Abbreviations: DENV, dengue virus; SGE, salivary gland extract.

Additionally, data from other disease systems that make use of these approaches can provide an intuitive framework for their application to DENV experimentation using miDHIM. In the case where miDHIM is defined as the bite from an infectious mosquito, infection studies with malaria found the efficiency of infection of sporozoites improved when inoculated by Anopheles spp. mosquito bite as compared to intravenous infections in mice [24] or intradermal infection in humans [25]. Similarly, mice infected with West Nile Virus (WNV) by the bite of Culex spp. mosquitoes developed more rapid and intense viremias than mice infected by needle [22]. Mechanisms to explain these findings remain elusive; however, in mice infected with chikungunya virus via mosquito bite, significantly down-regulated IFN-γ and interleukin 2 (IL-2) were detected compared with mice infected by needle, again indicating a polarization to the Th2 response and subversion of IFN-γ stimulated antiviral mechanisms [21].

Alternatively, miDHIM approaches using coinoculation of whole mosquito saliva or salivary gland extract (SGE) may be attractive options as they offer increased quantitative control over the viral inoculum, as well as the concentration of saliva/ SGE. These methods would minimize human study subject discomfort and compliance problems that may occur with protocols using live, foraging mosquitoes; however, other potential issues encountered with these ex vivo tissue preparations are the lack of basic formulation and safety data, which could cause significant consideration by institutional review boards (IRB). Several studies have shown that coinoculation of either saliva or SGE can alter the infection dynamics of arboviruses in murine models [7, 23, 26].

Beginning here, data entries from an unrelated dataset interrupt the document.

theorem lemma1:
  fixes x :: "nat \<Rightarrow> real ^ 'd"
    and N B K :: nat
    and l l' :: "real \<Rightarrow> real"
    and beta eta :: real
  assumes N_pos: "0 < N"
    and sep: "\<exists>w_star :: real ^ 'd. \<forall>n\<in>{1..N}. w_star \<bullet> x n > 0"
    and l_pos: "\<forall>u. l u > 0"
    and l_deriv: "\<forall>u. (l has_real_derivative l' u) (at u)"
    and l'_lip: "\<forall>u v. \<bar>l' u - l' v\<bar> \<le> beta * \<bar>u - v\<bar>"
    and l'_neg: "\<forall>u. l' u < 0"
    and l_lim: "(l \<longlongrightarrow> 0) at_top"
    and l'_lim: "(l' \<longlongrightarrow> 0) at_top"
    and l'_limsup: "Limsup at_bot (\<lambda>u. ereal (l' u)) \<noteq> 0"
    and eta_pos: "eta > 0"
    and B_pos: "0 < B"
    and K_def: "N = K * B"
  shows
    \<comment> \<open>sampling without replacement: every (even adversarial) epoch-partitioning order\<close>
    "(\<forall>(w0 :: real ^ 'd) (Bt :: nat \<Rightarrow> nat set).
        (\<forall>t. Bt t \<in> minibatches N B) \<longrightarrow>
        (\<forall>u. (\<Union>k<K. Bt (K * u + k)) = {1..N}) \<longrightarrow>
        filterlim (\<lambda>t. norm (sgd_iter eta B l' x w0 Bt t)) at_top sequentially)
     \<and>
    \<comment> \<open>random sampling with replacement: i.i.d. uniform minibatches, almost surely\<close>
     (\<forall>(w0 :: real ^ 'd).
        AE \<omega> in stream_space (measure_pmf (pmf_of_set (minibatches N B))).
          filterlim (\<lambda>t. norm (sgd_iter eta B l' x w0 (\<lambda>t. \<omega> !! t) t)) at_top sequentially)"
proof -
  obtain ws :: "real ^ 'd" where ws: "\<forall>n\<in>{1..N}. 0 < ws \<bullet> x n"
    using sep by blast
  have diverges: "filterlim (\<lambda>t. norm (sgd_iter eta B l' x w0 Bt t)) at_top sequentially"
    if "\<forall>t. Bt t \<in> minibatches N B" for w0 Bt
    using that minibatch_subset_nonempty[OF _ B_pos]
    by (intro sgd_iter_norm_at_top[OF _ ws continuous_on_if_lipschitz_bound[OF l'_lip]
          l'_neg eta_pos B_pos]) auto
  have "B \<le> N"
    using N_pos K_def by (cases K) auto
  then show ?thesis
    using diverges AE_stream_nth_in_set_pmf[of "pmf_of_set (minibatches N B)"]
    by (auto simp: set_pmf_of_minibatches elim!: eventually_mono)
qed
definition EMFCQ_player :: "('n \<Rightarrow> 'p) \<Rightarrow> ('p \<Rightarrow> nat) \<Rightarrow> ('p \<Rightarrow> nat \<Rightarrow> real^'n \<Rightarrow> real)
      \<Rightarrow> ('p \<Rightarrow> nat \<Rightarrow> real^'n \<Rightarrow> real^'n) \<Rightarrow> 'p \<Rightarrow> real^'n \<Rightarrow> bool" where
  "EMFCQ_player blk r c gc \<nu> x \<longleftrightarrow>
    (\<exists>d. (\<forall>j. blk j \<noteq> \<nu> \<longrightarrow> d $ j = 0) \<and>
         (\<forall>i<r \<nu>. c \<nu> i x \<ge> 0 \<longrightarrow> partial_grad blk \<nu> (gc \<nu> i x) \<bullet> d < 0))"

definition GNEP_EMFCQ :: "('n \<Rightarrow> 'p) \<Rightarrow> ('p \<Rightarrow> nat) \<Rightarrow> ('p \<Rightarrow> nat \<Rightarrow> real^'n \<Rightarrow> real)
      \<Rightarrow> ('p \<Rightarrow> nat \<Rightarrow> real^'n \<Rightarrow> real^'n) \<Rightarrow> real^'n \<Rightarrow> bool" where
  "GNEP_EMFCQ blk r c gc x \<longleftrightarrow> (\<forall>\<nu>. EMFCQ_player blk r c gc \<nu> x)"

end

theory Submission
  imports Defs
begin
lemma ordinary_boundary_triple_iff_boundary_map_surj:
  assumes "unitary_boundary_triple A Astar \<Gamma>0 \<Gamma>1"
  shows "ordinary_boundary_triple A Astar \<Gamma>0 \<Gamma>1 \<longleftrightarrow> (\<lambda>fh. (\<Gamma>0 fh, \<Gamma>1 fh)) ` Astar = UNIV"
proof
  assume surj: "(\<lambda>fh. (\<Gamma>0 fh, \<Gamma>1 fh)) ` Astar = UNIV"
  have "bounded_on Astar \<Gamma>0"
    using bounded_on_Gamma0_if_boundary_map_surj[OF assms surj] .
  moreover have "bounded_on Astar \<Gamma>1"
    using bounded_on_Gamma0_if_boundary_map_surj[OF unitary_boundary_triple_rotate[OF assms]]
      surj boundary_map_rotate_surj_iff by blast
  ultimately have "Astar = adjoint_rel A"
    by (rule adjoint_rel_eq_if_bounded_on[OF assms])
  then show "ordinary_boundary_triple A Astar \<Gamma>0 \<Gamma>1"
    unfolding ordinary_boundary_triple_def
    using surj ubt_closed_symmetric[OF assms] ubt_linear[OF assms] ubt_green[OF assms] by blast
qed (unfold ordinary_boundary_triple_def, blast)

theorem mainTheorem15:
  fixes A Astar :: "('h::complex_hilbert \<times> 'h) set"
    and \<Gamma>0 \<Gamma>1 :: "'h \<times> 'h \<Rightarrow> 'k::complex_hilbert"
  assumes "unitary_boundary_triple A Astar \<Gamma>0 \<Gamma>1"
  shows "((bounded_on Astar \<Gamma>0 \<and> \<Gamma>0 ` Astar = UNIV)
            \<longleftrightarrow> (bounded_on Astar \<Gamma>1 \<and> \<Gamma>1 ` Astar = UNIV))
       \<and> ((bounded_on Astar \<Gamma>1 \<and> \<Gamma>1 ` Astar = UNIV)
            \<longleftrightarrow> ordinary_boundary_triple A Astar \<Gamma>0 \<Gamma>1)"
proof -
  have "bounded_on Astar \<Gamma>1 \<and> \<Gamma>1 ` Astar = UNIV \<longleftrightarrow> (\<lambda>fh. (\<Gamma>0 fh, \<Gamma>1 fh)) ` Astar = UNIV"
    using bounded_on_surj_Gamma0_iff_boundary_map_surj[OF unitary_boundary_triple_rotate[OF assms]]
    by (simp only: boundary_map_rotate_surj_iff)
  then show ?thesis
    using bounded_on_surj_Gamma0_iff_boundary_map_surj[OF assms]
      ordinary_boundary_triple_iff_boundary_map_surj[OF assms] by blast
qed

end
(* The equation $$((a\to b)\to(c\to b))\cap(a\to c)\cap(b\to a)\le c\to a$$ holds in every orthomodular lattice admitting a strong set of states, but fails in the orthomodular lattice MG1.
   Context: Write $a\to b=a'\cup(a\cap b)$. A state on an ortholattice $L$ is a map $m:L\to[0,1]$ with $m(1)=1$ and $a\le b'\Rightarrow m(a\cup b)=m(a)+m(b)$. $L$ admits a strong set of states if there is a nonempty set $S$ of states such that for all $a,b\in L$ with $a\not\le b$ some $m\in S$ has $m(a)=1$ and $m(b)\ne1$. MG1 is the orthomodular lattice of the Greechie diagram with 19 atoms $v,e_1,e_2,e_3,a_1,a_2,a_3,b_1,b_2,b_3,c_1,c_2,c_3,d_1,d_2,d_3,f_1,f_2,u$ and 11 three-atom blocks: $\{v,e_1,a_1\}$, $\{v,e_2,a_2\}$, $\{v,e_3,a_3\}$, $\{a_1,b_1,c_1\}$, $\{a_2,b_2,c_2\}$, $\{a_3,b_3,c_3\}$, $\{b_1,b_2,b_3\}$, $\{c_1,f_1,d_1\}$, $\{c_2,f_2,d_2\}$, $\{c_3,u,d_3\}$, $\{d_1,d_2,d_3\}$. That is, it is the unique orthomodular lattice whose atoms are these and whose maximal Boolean subalgebras are generated by these blocks; each block consists of mutually orthogonal atoms with join $1$. *)

theory Defs
  imports Complex_Main "HOL-Library.Complemented_Lattices"
begin

definition oimp :: "('a \<Rightarrow> 'a \<Rightarrow> 'a) \<Rightarrow> ('a \<Rightarrow> 'a \<Rightarrow> 'a) \<Rightarrow> ('a \<Rightarrow> 'a)
    \<Rightarrow> 'a \<Rightarrow> 'a \<Rightarrow> 'a" where
  "oimp sup' inf' compl' a b = sup' (compl' a) (inf' a b)"

definition eq12 :: "('a \<Rightarrow> 'a \<Rightarrow> bool) \<Rightarrow> ('a \<Rightarrow> 'a \<Rightarrow> 'a) \<Rightarrow> ('a \<Rightarrow> 'a \<Rightarrow> 'a)
    \<Rightarrow> ('a \<Rightarrow> 'a) \<Rightarrow> 'a \<Rightarrow> 'a \<Rightarrow> 'a \<Rightarrow> bool" where
  "eq12 le' sup' inf' compl' a b c =
     (let imp = oimp sup' inf' compl' in
      le' (inf' (inf' (imp (imp a b) (imp c b)) (imp a c)) (imp b a)) (imp c a))"

definition is_state :: "('a::orthocomplemented_lattice \<Rightarrow> real) \<Rightarrow> bool" where
  "is_state m \<longleftrightarrow> (\<forall>a. 0 \<le> m a \<and> m a \<le> 1) \<and> m top = 1 \<and>
     (\<forall>a b. a \<le> - b \<longrightarrow> m (sup a b) = m a + m b)"

definition admits_strong_set_of_states :: "'a::orthocomplemented_lattice itself \<Rightarrow> bool" where
  "admits_strong_set_of_states _ \<longleftrightarrow>
     (\<exists>S :: ('a \<Rightarrow> real) set. S \<noteq> {} \<and> (\<forall>m\<in>S. is_state m) \<and>
        (\<forall>a b :: 'a. \<not> a \<le> b \<longrightarrow> (\<exists>m\<in>S. m a = 1 \<and> m b \<noteq> 1)))"

datatype mg1_atom = v | e1 | e2 | e3 | a1 | a2 | a3 | b1 | b2 | b3
  | c1 | c2 | c3 | d1 | d2 | d3 | f1 | f2 | u

definition mg1_blocks :: "mg1_atom set list" where
  "mg1_blocks = [{v,e1,a1}, {v,e2,a2}, {v,e3,a3}, {a1,b1,c1}, {a2,b2,c2}, {a3,b3,c3},
                 {b1,b2,b3}, {c1,f1,d1}, {c2,f2,d2}, {c3,u,d3}, {d1,d2,d3}]"

definition mg1_orth :: "mg1_atom \<Rightarrow> mg1_atom \<Rightarrow> bool" where
  "mg1_orth p q \<longleftrightarrow> p \<noteq> q \<and> (\<exists>B\<in>set mg1_blocks. p \<in> B \<and> q \<in> B)"

text \<open>Since every block has three atoms, each block generates the 8-element Boolean algebra
  {0, p, q, r, p', q', r', 1} with p' = q \<union> r etc.\<close>
datatype mg1 = Zero | One | At mg1_atom | Co mg1_atom

fun mg1_le :: "mg1 \<Rightarrow> mg1 \<Rightarrow> bool" where
  "mg1_le Zero _ = True"
| "mg1_le _ One = True"
| "mg1_le (At p) (At q) = (p = q)"
| "mg1_le (At p) (Co q) = mg1_orth p q"
| "mg1_le (Co p) (Co q) = (p = q)"
| "mg1_le _ _ = False"

definition mg1_less :: "mg1 \<Rightarrow> mg1 \<Rightarrow> bool" where
  "mg1_less x y \<longleftrightarrow> mg1_le x y \<and> x \<noteq> y"

definition mg1_sup :: "mg1 \<Rightarrow> mg1 \<Rightarrow> mg1" where
  "mg1_sup x y = (THE z. mg1_le x z \<and> mg1_le y z \<and>
                        (\<forall>w. mg1_le x w \<and> mg1_le y w \<longrightarrow> mg1_le z w))"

Advancing our understanding of the role of specific salivary proteins in DENV infection establishment and perhaps the role of preexisting immunity to some of these proteins, miDHIM could be designed to target putative mechanisms for therapeutic discovery. For example, Aedes aegypti salivary gland protein (SAAG-4) was shown to induce CD4+ cells to produce interleukin 4 (IL-4), again pushing the immune response to a Th2 response [27]. Additionally, a synthetic protein derived from a mosquito salivary allergen, shown to have identical qualities when compared to the native protein, (rAed a 2) bound to IgE of individuals with a history of mosquito allergy. Researchers also observed skin reactions in these patients, indicating that this protein induced an allergic reaction (Th2 immune response) [20]. This overwhelming trend toward a Th2 response driven by saliva and its components indicates that DENV infection in the context of these proteins is encountering a different immune-environment than if only the intracellular, antiviral response (Th1) were to be induced, as is likely with a needle inoculation of virus alone. By investigating findings such as these through miDHIM of human DENV, we mirror more closely the natural transmission, making these data more relevant to existing clinical findings related to DENV transmission and pathogenesis. This, in turn, could lead to the more rapid assessment of putative antiviral mechanisms and development of therapies.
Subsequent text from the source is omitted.